¹H NMR (400 MHz, DMSO-d₆), mixture of inseparable diastereomers, d.r. = ~4:1 (A:B):δ = 7.57–7.43 (m, A+B, Ar, 3H), 7.43–7.20 (m, A+B, Ar, 8H), 7.20–7.13 (m, A+B, Ar, 2H), 7.03–6.77 (m, A+B, Ar, 5H), 6.65–6.58 (m, A+B, Ar + C^4aH, 1.2H), 6.43 (s, A, C^4aH, 0.8H), 5.06 (d, J = 16.5 Hz, A, CH₂Ph, 0.8H), 4.90 (d, J = 16.5 Hz, B, 0.2H), 4.79 (d, J = 15.8 Hz, B, CH₂Ph, 0.2H), 4.67 (d, J = 15.8 Hz, A, CH₂Ph, 0.8H), 4.61–4.50 (m, A+B, CH₂Ph, 1.8H), 4.38 (d, J = 15.7 Hz, B, CH₂Ph, 0.2H), [4.02 (s, B, OMe), 4.01 (s, A, OMe), ∑ 3H], 3.91 (dq, J = 10.8, 7.1 Hz, B, CH₃CH₂, 0.2H), 3.82–3.56 (m, A+B, CH₃CH₂, 1.8H), [3.58 (s, A, OMe), 3.53 (s, B, OMe), ∑ 3H], and [0.96 (t, J = 7.1 Hz, B, CH₃CH₂), 0.64 (t, J = 7.1 Hz, A, CH₃CH₂), ∑ 3H].

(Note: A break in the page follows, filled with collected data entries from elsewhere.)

(* Consider a qutrit ($\mathbb{C}^3$) with coupling operators the eight Gell-Mann matrices $\sigma^s_{01},\sigma^s_{02},\sigma^s_{12},\sigma^a_{01},\sigma^a_{02},\sigma^a_{12},\sigma^d_1,\sigma^d_2$ and vanishing Hamiltonian. Then the quantum filtering equation in projective coordinates $W=(1,w_1,w_2)$, \[ dw_k=\frac12\sum_j[w_k(L_j^*L_jW)_0-(L_j^*L_jW)_k]\,dt+\sum_j[w_k(L_jW)_0^2-(L_jW)_0(L_jW)_k]\,dt+\sum_j[(L_jW)_k-w_k(L_jW)_0]\,dY^j_t,\quad k=1,2, \] (with $j$ running over the eight Gell-Mann matrices $L_j$ and $Y=(Y^j)$ an eight-dimensional process indexed correspondingly as $Y^{01,s},Y^{02,s},Y^{12,s},Y^{01,a},Y^{02,a},Y^{12,a},Y^{1,d},Y^{2,d}$) takes the form \[ \begin{aligned} dw_1&=(1-w_1^2)\,dY^{01,s}_t-w_1w_2\,dY^{02,s}_t+w_2\,dY^{12,s}_t+i(1+w_1^2)\,dY^{01,a}_t+iw_1w_2\,dY^{02,a}_t-iw_2\,dY^{12,a}_t-2w_1\,dY^{1,d}_t,\\ dw_2&=-w_1w_2\,dY^{01,s}_t+(1-w_2^2)\,dY^{02,s}_t+w_1\,dY^{12,s}_t+iw_1w_2\,dY^{01,a}_t+i(1+w_2^2)\,dY^{02,a}_t+iw_1\,dY^{12,a}_t-w_2\,dY^{1,d}_t-\sqrt3\,w_2\,dY^{2,d}_t, \end{aligned} \] with all $dt$-terms vanishing. Moreover, the equation has exactly the same form when rewritten in terms of the innovation process $B$ defined by $dB^{jk,s}_t=dY^{jk,s}_t-2\langle\sigma^s_{jk}\rangle_W\,dt$, $dB^{jk,a}_t=dY^{jk,a}_t-2\langle\sigma^a_{jk}\rangle_W\,dt$, $dB^{k,d}_t=dY^{k,d}_t-2\langle\sigma^d_k\rangle_W\,dt$. Finally, when $Y$ is a standard eight-dimensional Wiener process, the diffusion operator $D$ of this system equals $2\Delta_{pro}$, where \[ \Delta_{pro}S=(1+|w_1|^2+|w_2|^2)\Big[(1+|w_1|^2)\frac{\partial^2S}{\partial w_1\partial\bar w_1}+(1+|w_2|^2)\frac{\partial^2S}{\partial w_2\partial\bar w_2}+w_1\bar w_2\frac{\partial^2S}{\partial w_1\partial\bar w_2}+\bar w_1w_2\frac{\partial^2S}{\partial\bar w_1\partial w_2}\Big] \] is the second order part of the Laplace–Beltrami operator on the complex projective space $P\mathbb{C}^2$.
   Context: Indices of vectors in $\mathbb{C}^3$ run over $0,1,2$; $(v)_k$ is the $k$-th coordinate. The Gell-Mann matrices: $\sigma^s_{jk}$ ($0\le j<k\le2$) has entries $1$ at positions $(j,k)$ and $(k,j)$ and $0$ elsewhere; $\sigma^a_{jk}$ ($0\le j<k\le 2$) has $-i$ at $(j,k)$, $i$ at $(k,j)$ and $0$ elsewhere; $\sigma^d_1=\mathrm{diag}(1,-1,0)$, $\sigma^d_2=\frac1{\sqrt3}\mathrm{diag}(1,1,-2)$. For a matrix $A$, $\langle A\rangle_W=(W,AW)/(W,W)$ with the standard Hermitian inner product. The projective coordinates are $w_k=\chi_k/\chi_0$ for a state vector $\chi\in\mathbb{C}^3$. *)

theory Defs
  imports "HOL-Analysis.Analysis"
begin

text \<open>3x3 complex matrices and vectors in C^3 are represented as functions on
  indices 0,1,2 (only indices below 3 are meaningful).\<close>

type_synonym cmat3 = "nat \<Rightarrow> nat \<Rightarrow> complex"
type_synonym cvec3 = "nat \<Rightarrow> complex"

definition mvec :: "cmat3 \<Rightarrow> cvec3 \<Rightarrow> cvec3" where
  "mvec A v = (\<lambda>k. \<Sum>m<3. A k m * v m)"

definition madj :: "cmat3 \<Rightarrow> cmat3" where
  "madj A = (\<lambda>a b. cnj (A b a))"

definition mmul :: "cmat3 \<Rightarrow> cmat3 \<Rightarrow> cmat3" where
  "mmul A B = (\<lambda>a b. \<Sum>m<3. A a m * B m b)"

definition cinner3 :: "cvec3 \<Rightarrow> cvec3 \<Rightarrow> complex" where
  "cinner3 u v = (\<Sum>m<3. cnj (u m) * v m)"

definition expect :: "cmat3 \<Rightarrow> cvec3 \<Rightarrow> complex" where
  "expect A W = cinner3 W (mvec A W) / cinner3 W W"

definition gm_s :: "nat \<Rightarrow> nat \<Rightarrow> cmat3" where
  "gm_s j k = (\<lambda>a b. if (a = j \<and> b = k) \<or> (a = k \<and> b = j) then 1 else 0)"

definition gm_a :: "nat \<Rightarrow> nat \<Rightarrow> cmat3" where
  "gm_a j k = (\<lambda>a b. if a = j \<and> b = k then - \<i> else if a = k \<and> b = j then \<i> else 0)"

definition gm_d1 :: cmat3 where
  "gm_d1 = (\<lambda>a b. if a = b then (if a = 0 then 1 else if a = 1 then -1 else 0) else 0)"

definition gm_d2 :: cmat3 where
  "gm_d2 = (\<lambda>a b. if a = b then (if a = 2 then -2 / complex_of_real (sqrt 3)
                                   else 1 / complex_of_real (sqrt 3)) else 0)"

text \<open>The eight coupling operators L_0..L_7 in the order
  s01, s02, s12, a01, a02, a12, d1, d2 (matching Y^{01,s},...,Y^{2,d}).\<close>
definition gm :: "nat \<Rightarrow> cmat3" where
  "gm j = [gm_s 0 1, gm_s 0 2, gm_s 1 2, gm_a 0 1, gm_a 0 2, gm_a 1 2, gm_d1, gm_d2] ! j"

definition Wv :: "complex \<Rightarrow> complex \<Rightarrow> cvec3" where
  "Wv w1 w2 = (\<lambda>m. if m = 0 then 1 else if m = 1 then w1 else w2)"
theorem lemma4p3:
  fixes \<mu> \<nu> :: "'a::metric_space measure" and p k :: real
  assumes diam: "\<forall>x y::'a. dist x y \<le> 1"
    and mu: "prob_space \<mu>" "sets \<mu> = sets (borel :: 'a measure)"
    and nu: "prob_space \<nu>" "sets \<nu> = sets (borel :: 'a measure)"
    and p: "p \<ge> 1" and k: "k > 0"
  shows "ennreal (RPW p k \<mu> \<nu>) \<le> W_dist p \<mu> \<nu> / ennreal k
       \<and> W_dist p \<mu> \<nu> / ennreal k \<le> ennreal (RPW p k \<mu> \<nu> + k powr (- (p + 1) / p))"
proof
  show "ennreal (RPW p k \<mu> \<nu>) \<le> W_dist p \<mu> \<nu> / ennreal k"
    using p k by (intro RPW_le_W_dist_div) auto
  interpret borel_prob_pair \<mu> \<nu>
    using mu nu by (simp add: borel_prob_pair_def borel_prob_pair_axioms_def)
  define r where "r = RPW p k \<mu> \<nu>"
  have r: "0 \<le> r" "r \<le> 1 / k"
    using RPW_nonneg[of k] RPW_le_inverse[OF diam p k] k unfolding r_def by auto
  have "r powr (1 / p) / k \<le> (1 / k) powr (1 / p) / k"
    using r p k by (intro divide_right_mono powr_mono2) auto
  also have "\<dots> = k powr (- (p + 1) / p)"
    using k p by (intro inverse_powr_divide) auto
  finally have "(k * r + r powr (1 / p)) / k \<le> r + k powr (- (p + 1) / p)"
    using k by (simp add: add_divide_distrib)
  have "W_dist p \<mu> \<nu> / ennreal k \<le> ennreal (k * r + r powr (1 / p)) / ennreal k"
    using W_dist_le_RPW[OF diam p] k unfolding r_def by (intro divide_right_mono_ennreal) simp
  also have "\<dots> = ennreal ((k * r + r powr (1 / p)) / k)"
    using k r by (intro divide_ennreal) auto
  also have "\<dots> \<le> ennreal (r + k powr (- (p + 1) / p))"
    by (rule ennreal_leI) fact
  finally show "W_dist p \<mu> \<nu> / ennreal k \<le> ennreal (RPW p k \<mu> \<nu> + k powr (- (p + 1) / p))"
    unfolding r_def .
qed

end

Crystal data of compound 2. C₄₃H₃₅N₅O₇, M = 733.76, triclinic, space group P–1, a = 10.5783(13) Å, b = 11.5582(14) Å, c = 15.551(2) Å, α = 86.823(10)°, β = 75.467(11)°, γ = 84.391(10)°, V = 1830.8(4) ų, T = 295(2) K, Z = 2, and µ(Mo Kα) = 0.092 mm⁻¹. The final refinement parameters: R₁ = 0.0663 (for observed 4284 reflections with I > 2σ(I)); wR₂ = 0.1432 (for all independent 8521 reflections, R_int = 0.0663); and S = 1.008. CCDC 2512081 contains the supplementary crystallographic data for this paper. These data can be obtained free of charge via http://www.ccdc.cam.ac.uk/structures/ (accessed on 29 December 2025) (or from the CCDC, 12 Union Road, Cambridge CB2 1EZ, UK; Fax: +44 1223 336033; and E-mail: deposit@ccdc.cam.ac.uk).

4. Conclusions

In conclusion, we have developed a method for the synthesis of spiro[benzo[4,5]imidazo[1,2-a]pyridine-3,3’-pyrrole] 2 as a diastereomeric mixture in moderate yield via a three-component reaction of 3-ylidenepyrrol-2-one, DMAD, and 1-benzylbenzimidazole. The product 2 is less prone to epimerization in solution than its pyridine-based analog 3.